(* Let $\mathcal L$ be a finite atomic lattice with set of atoms $\mathfrak A(\mathcal L)$, and let $\mathcal G$ be a building set in $\mathcal L$. Let $\mathcal I\subseteq \mathbb Z[\{x_G\}_{G\in\mathcal G}]$ be the ideal generated by the monomials $\prod_{i=1}^t x_{G_i}$ for all subsets $\{G_1,\dots,G_t\}\subseteq\mathcal G$ that are not nested, together with the linear forms $\sum_{G\in\mathcal G,\,G\geq H} x_G$ for all atoms $H\in\mathfrak A(\mathcal L)$. Then $\mathcal I$ is also generated by the following polynomials: (a) $h_{\mathcal S}=\prod_{G\in\mathcal S}x_G$ for every subset $\mathcal S\subseteq\mathcal G$ that is not nested; (b) $g_{\mathcal H,B}=\prod_{i=1}^k x_{A_i}\,\Big(\sum_{G\in\mathcal G,\,G\geq B}x_G\Big)^{d}$, where $\mathcal H$ is a nested set, $A_1,\dots,A_k$ are the maximal elements of $\mathcal H$, $B\in\mathcal G$ with $B>A:=\bigvee_{i=1}^kA_i$ (the join of the empty set being $\hat 0$), and $d=d(A,B)$.
   Context: A lattice is a finite poset in which every subset has a join $\vee$ and a meet $\wedge$; $\hat 0$ is its least element. It is atomic if every element is a join of atoms. For $X\le Y$ write $[X,Y]=\{Z: X\le Z\le Y\}$ and for $\mathcal G\subseteq\mathcal L$ write $\mathcal G_{\le X}=\{G\in\mathcal G: G\le X\}$. A subset $\mathcal G\subseteq\mathcal L\setminus\{\hat 0\}$ is a building set if for every $X\in\mathcal L\setminus\{\hat0\}$, with $\{G_1,\dots,G_k\}$ the set of maximal elements of $\mathcal G_{\le X}$, there is a poset isomorphism $\varphi_X:\prod_{i=1}^k[\hat0,G_i]\to[\hat0,X]$ with $\varphi_X(\hat0,\dots,G_i,\dots,\hat0)=G_i$ for all $i$. A subset $\mathcal S\subseteq\mathcal G$ is nested if for every set of pairwise incomparable elements $G_1,\dots,G_t\in\mathcal S$ with $t\ge2$, the join $G_1\vee\dots\vee G_t$ does not belong to $\mathcal G$. For $X\le Y$ in an atomic lattice, $d(X,Y)$ is the minimal number $d$ of atoms $H_1,\dots,H_d$ such that $Y=X\vee\bigvee_{i=1}^dH_i$. *)

theory Defs
  imports "HOL-Library.Poly_Mapping"
begin

text \<open>The finite lattice is a type of class finite + complete_lattice (every finite
nonempty lattice is complete); bot is the least element.\<close>

definition atoms :: "'a::{finite,complete_lattice} set" where
  "atoms = {H. bot < H \<and> (\<forall>Z. bot < Z \<and> Z \<le> H \<longrightarrow> Z = H)}"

- [Task statement]: Everything in the listing above should be duplicated exactly.

- [Answer box]:
(* Let $\mathcal L$ be a finite atomic lattice with set of atoms $\mathfrak A(\mathcal L)$, and let $\mathcal G$ be a building set in $\mathcal L$. Let $\mathcal I\subseteq \mathbb Z[\{x_G\}_{G\in\mathcal G}]$ be the ideal generated by the monomials $\prod_{i=1}^t x_{G_i}$ for all subsets $\{G_1,\dots,G_t\}\subseteq\mathcal G$ that are not nested, together with the linear forms $\sum_{G\in\mathcal G,\,G\geq H} x_G$ for all atoms $H\in\mathfrak A(\mathcal L)$. Then $\mathcal I$ is also generated by the following polynomials: (a) $h_{\mathcal S}=\prod_{G\in\mathcal S}x_G$ for every subset $\mathcal S\subseteq\mathcal G$ that is not nested; (b) $g_{\mathcal H,B}=\prod_{i=1}^k x_{A_i}\,\Big(\sum_{G\in\mathcal G,\,G\geq B}x_G\Big)^{d}$, where $\mathcal H$ is a nested set, $A_1,\dots,A_k$ are the maximal elements of $\mathcal H$, $B\in\mathcal G$ with $B>A:=\bigvee_{i=1}^kA_i$ (the join of the empty set being $\hat 0$), and $d=d(A,B)$.
   Context: A lattice is a finite poset in which every subset has a join $\vee$ and a meet $\wedge$; $\hat 0$ is its least element. It is atomic if every element is a join of atoms. For $X\le Y$ write $[X,Y]=\{Z: X\le Z\le Y\}$ and for $\mathcal G\subseteq\mathcal L$ write $\mathcal G_{\le X}=\{G\in\mathcal G: G\le X\}$. A subset $\mathcal G\subseteq\mathcal L\setminus\{\hat 0\}$ is a building set if for every $X\in\mathcal L\setminus\{\hat0\}$, with $\{G_1,\dots,G_k\}$ the set of maximal elements of $\mathcal G_{\le X}$, there is a poset isomorphism $\varphi_X:\prod_{i=1}^k[\hat0,G_i]\to[\hat0,X]$ with $\varphi_X(\hat0,\dots,G_i,\dots,\hat0)=G_i$ for all $i$. A subset $\mathcal S\subseteq\mathcal G$ is nested if for every set of pairwise incomparable elements $G_1,\dots,G_t\in\mathcal S$ with $t\ge2$, the join $G_1\vee\dots\vee G_t$ does not belong to $\mathcal G$. For $X\le Y$ in an atomic lattice, $d(X,Y)$ is the minimal number $d$ of atoms $H_1,\dots,H_d$ such that $Y=X\vee\bigvee_{i=1}^dH_i$. *)

theory Defs
  imports "HOL-Library.Poly_Mapping"
begin

text \<open>The finite lattice is a type of class finite + complete_lattice (every finite
nonempty lattice is complete); bot is the least element.\<close>

definition atoms :: "'a::{finite,complete_lattice} set" where
  "atoms = {H. bot < H \<and> (\<forall>Z. bot < Z \<and> Z \<le> H \<longrightarrow> Z = H)}"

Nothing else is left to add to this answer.